Bispecific Antibodies in Hematological Malignancies: A Scoping Review

Cancers 2023, 15(18), 4550; https://doi.org/10.3390/cancers15184550
by Mohamed H. Omer 1,*,†, Areez Shafqat 2,†, Omar Ahmad 2, Khaled Alkattan 2, Ahmed Yaqinuddin 2 and Moussab Damlaj 3,4
Reviewer 1:
Reviewer 2:
Cancers 2023, 15(18), 4550; https://doi.org/10.3390/cancers15184550
Submission received: 31 July 2023 / Revised: 25 August 2023 / Accepted: 28 August 2023 / Published: 14 September 2023
(This article belongs to the Special Issue Advances in Immunotherapy for Hematological Malignancies)

Round 1

Reviewer 1 Report

In this review manuscript, Omer et al nicely summarized the clinical outcomes and limitations of  Bispecific T-cell engagers (BiTEs) and bispecific antibodies (BiAbs) in hematological malignancies, focusing on multiple myeloma, non-Hodgkin lymphoma, acute myelogenous leukemia, and acute lymphoblastic leukemia. The authors summarized the resistance mechanisms such as target antigen loss and immunosuppression from TME and provided strategies to overcome the resistance.

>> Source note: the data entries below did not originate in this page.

lemma log_concave_prod:
  assumes "\<And>i. i \<in> I \<Longrightarrow> log_concave (f i)"
  shows "log_concave (\<lambda>x. \<Prod>i\<in>I. f i x)"
  using assms
proof (induction I rule: infinite_finite_induct)
  case (infinite I)
  then show ?case by (simp add: log_concave_def)
next
  case empty
  then show ?case by (simp add: log_concave_def)
next
  case (insert i I)
  then show ?case by (simp add: log_concave_mult)
qed

lemma log_concave_compose_linear:
  assumes "log_concave f" "linear g"
  shows "log_concave (\<lambda>x. f (g x))"
  using assms by (simp add: log_concave_def linear_add linear_scale)

lemma log_concave_indicator:
  assumes "convex S"
  shows "log_concave (indicator S :: _ \<Rightarrow> real)"
proof (rule log_concaveI)
  fix x y and t :: real
  assume "0 < t" "t < 1"
  then show "indicator S x powr (1 - t) * indicator S y powr t \<le> (indicator S ((1 - t) *\<^sub>R x + t *\<^sub>R y) :: real)"
    using assms by (auto simp: indicator_def convex_def)
qed simp

theorem log_concave_integral:
  fixes F :: "'a::real_vector \<Rightarrow> real \<Rightarrow> real"
  assumes lc: "log_concave (\<lambda>p. F (fst p) (snd p))"
    and int: "\<And>x. integrable lborel (F x)"
  shows "log_concave (\<lambda>x. LINT t|lborel. F x t)"
proof (rule log_concaveI)
  have nonneg: "0 \<le> F x t" for x t
    using log_concave_nonneg[OF lc, of "(x, t)"] by simp
  then show "0 \<le> (LINT t|lborel. F x t)" for x
    by simp
  fix x y and l :: real
  assume "0 < l" "l < 1"
  show "(LINT t|lborel. F x t) powr (1 - l) * (LINT t|lborel. F y t) powr l
      \<le> (LINT t|lborel. F ((1 - l) *\<^sub>R x + l *\<^sub>R y) t)"
  proof (rule prekopa_leindler)
    fix s u
    show "F x s powr (1 - l) * F y u powr l \<le> F ((1 - l) *\<^sub>R x + l *\<^sub>R y) ((1 - l) * s + l * u)"
      using log_concaveD[OF lc, of l "(x, s)" "(y, u)"] \<open>0 < l\<close> \<open>l < 1\<close> by simp
  qed (use int nonneg \<open>0 < l\<close> \<open>l < 1\<close> in auto)
qed

lemma cdf_of_eq_integral: "cdf_of \<psi> x = (LINT t|lborel. indicator {..x} t * \<psi> t)"
  by (simp add: cdf_of_def set_lebesgue_integral_def)

context
  fixes \<psi> :: "real \<Rightarrow> real"
  assumes int: "integrable lborel \<psi>" and nonneg: "\<And>t. 0 \<le> \<psi> t"
begin

lemma integrable_indicator_mult: "integrable lborel (\<lambda>t. indicator {..x} t * \<psi> t)"
  using integrable_mult_indicator[OF _ int, of "{..x}"] by simp

lemma cdf_of_nonneg: "0 \<le> cdf_of \<psi> x"
  by (simp add: cdf_of_eq_integral nonneg)

lemma cdf_of_le_integral: "cdf_of \<psi> x \<le> integral\<^sup>L lborel \<psi>"
  unfolding cdf_of_eq_integral
  by (intro integral_mono integrable_indicator_mult int) (auto simp: nonneg indicator_def)

lemma mono_cdf_of: "mono (cdf_of \<psi>)"
  unfolding cdf_of_eq_integral
  by (intro monoI integral_mono integrable_indicator_mult) (auto simp: nonneg indicator_def)

end

lemma log_concave_cdf_of:
  assumes "log_concave \<psi>" "integrable lborel \<psi>"
  shows "log_concave (cdf_of \<psi>)"
proof -
  have "convex {p :: real \<times> real. snd p \<le> fst p}"
    by (auto simp: convex_def intro!: add_mono mult_left_mono)
  then have "log_concave (\<lambda>p :: real \<times> real. indicator {p. snd p \<le> fst p} p * \<psi> (snd p))"
    by (intro log_concave_mult log_concave_indicator
        log_concave_compose_linear[OF assms(1) bounded_linear.linear[OF bounded_linear_snd]])
  moreover have "(\<lambda>p. indicator {p. snd p \<le> fst p} p * \<psi> (snd p))
      = (\<lambda>p :: real \<times> real. indicator {..fst p} (snd p) * \<psi> (snd p))"
    by (simp add: indicator_def fun_eq_iff)
  ultimately have "log_concave (\<lambda>p :: real \<times> real. indicator {..fst p} (snd p) * \<psi> (snd p))"
    by simp
  then show ?thesis
    unfolding cdf_of_eq_integral[abs_def]
    by (rule log_concave_integral) (use assms in \<open>simp add: integrable_indicator_mult log_concave_nonneg\<close>)
qed

lemma integrable_breve_Psi_integrand:
  fixes \<psi> :: "real \<Rightarrow> real" and v :: "real^'n" and m :: "'n::finite"
  assumes int: "integrable lborel \<psi>" and nonneg: "\<And>t. 0 \<le> \<psi> t"
  shows "integrable lborel (\<lambda>t. \<psi> t * (\<Prod>l\<in>UNIV - {m}. cdf_of \<psi> (t + v$m - v$l)))"
proof (rule Bochner_Integration.integrable_bound)
  let ?P = "\<lambda>t. \<Prod>l\<in>UNIV - {m}. cdf_of \<psi> (t + v$m - v$l)"
  let ?C = "\<Prod>l\<in>UNIV - {m}. integral\<^sup>L lborel \<psi>"
  show "integrable lborel (\<lambda>t. \<psi> t * ?C)"
    using int by simp
  have [measurable]: "cdf_of \<psi> \<in> borel_measurable borel"
    using mono_cdf_of[OF int nonneg] by (rule borel_measurable_mono)
  show "(\<lambda>t. \<psi> t * ?P t) \<in> borel_measurable lborel"
    using int by measurable
  have "norm (\<psi> t * ?P t) \<le> norm (\<psi> t * ?C)" for t
  proof -
    have "0 \<le> ?P t"
      using cdf_of_nonneg[OF int nonneg] by (rule prod_nonneg)
    then have "norm (\<psi> t * ?P t) = \<psi> t * ?P t"
      using nonneg by simp
    also have "\<dots> \<le> \<psi> t * ?C"
      using cdf_of_nonneg[OF int nonneg] cdf_of_le_integral[OF int nonneg] nonneg
      by (intro mult_left_mono prod_mono) simp_all
    also have "\<dots> \<le> norm (\<psi> t * ?C)"
      by simp
    finally show ?thesis .
  qed
  then show "AE t in lborel. norm (\<psi> t * ?P t) \<le> norm (\<psi> t * ?C)"
    by simp
qed

lemma log_concave_breve_Psi:
  fixes \<psi> :: "real \<Rightarrow> real" and m :: "'n::finite"
  assumes lc: "log_concave \<psi>" and int: "integrable lborel \<psi>"
  shows "log_concave (\<lambda>v::real^'n. breve_Psi \<psi> v m)"
proof -
  have linear_shift: "linear (\<lambda>p :: (real^'n) \<times> real. snd p + fst p $ m - fst p $ l)" for l
    by (rule linearI) (auto simp: algebra_simps)
  have "log_concave (\<lambda>p :: (real^'n) \<times> real.
      \<psi> (snd p) * (\<Prod>l\<in>UNIV - {m}. cdf_of \<psi> (snd p + fst p $ m - fst p $ l)))"
    using log_concave_cdf_of[OF lc int]
    by (intro log_concave_mult log_concave_prod
        log_concave_compose_linear[OF lc bounded_linear.linear[OF bounded_linear_snd]]
        log_concave_compose_linear[OF _ linear_shift])
  then show ?thesis
    unfolding breve_Psi_def
    by (rule log_concave_integral)
      (use lc int in \<open>simp add: log_concave_nonneg integrable_breve_Psi_integrand\<close>)
qed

The manuscript was well written, and the figures were well-designed.

 

Additional comments:

 

1.      From line 395 to 400, the authors mentioned high neurological events were associated with blinatumomab, AFM11 and duvortuxizumab. Can the authors provide more information or explain why Tnb-486 had a lower incidence of ICANS compared to other CD3XCD19 BiAb?  

2.      From line 423 to 424, can the authors list ORR of PV alone, glofitabmab alone and mosunetuzumab alone?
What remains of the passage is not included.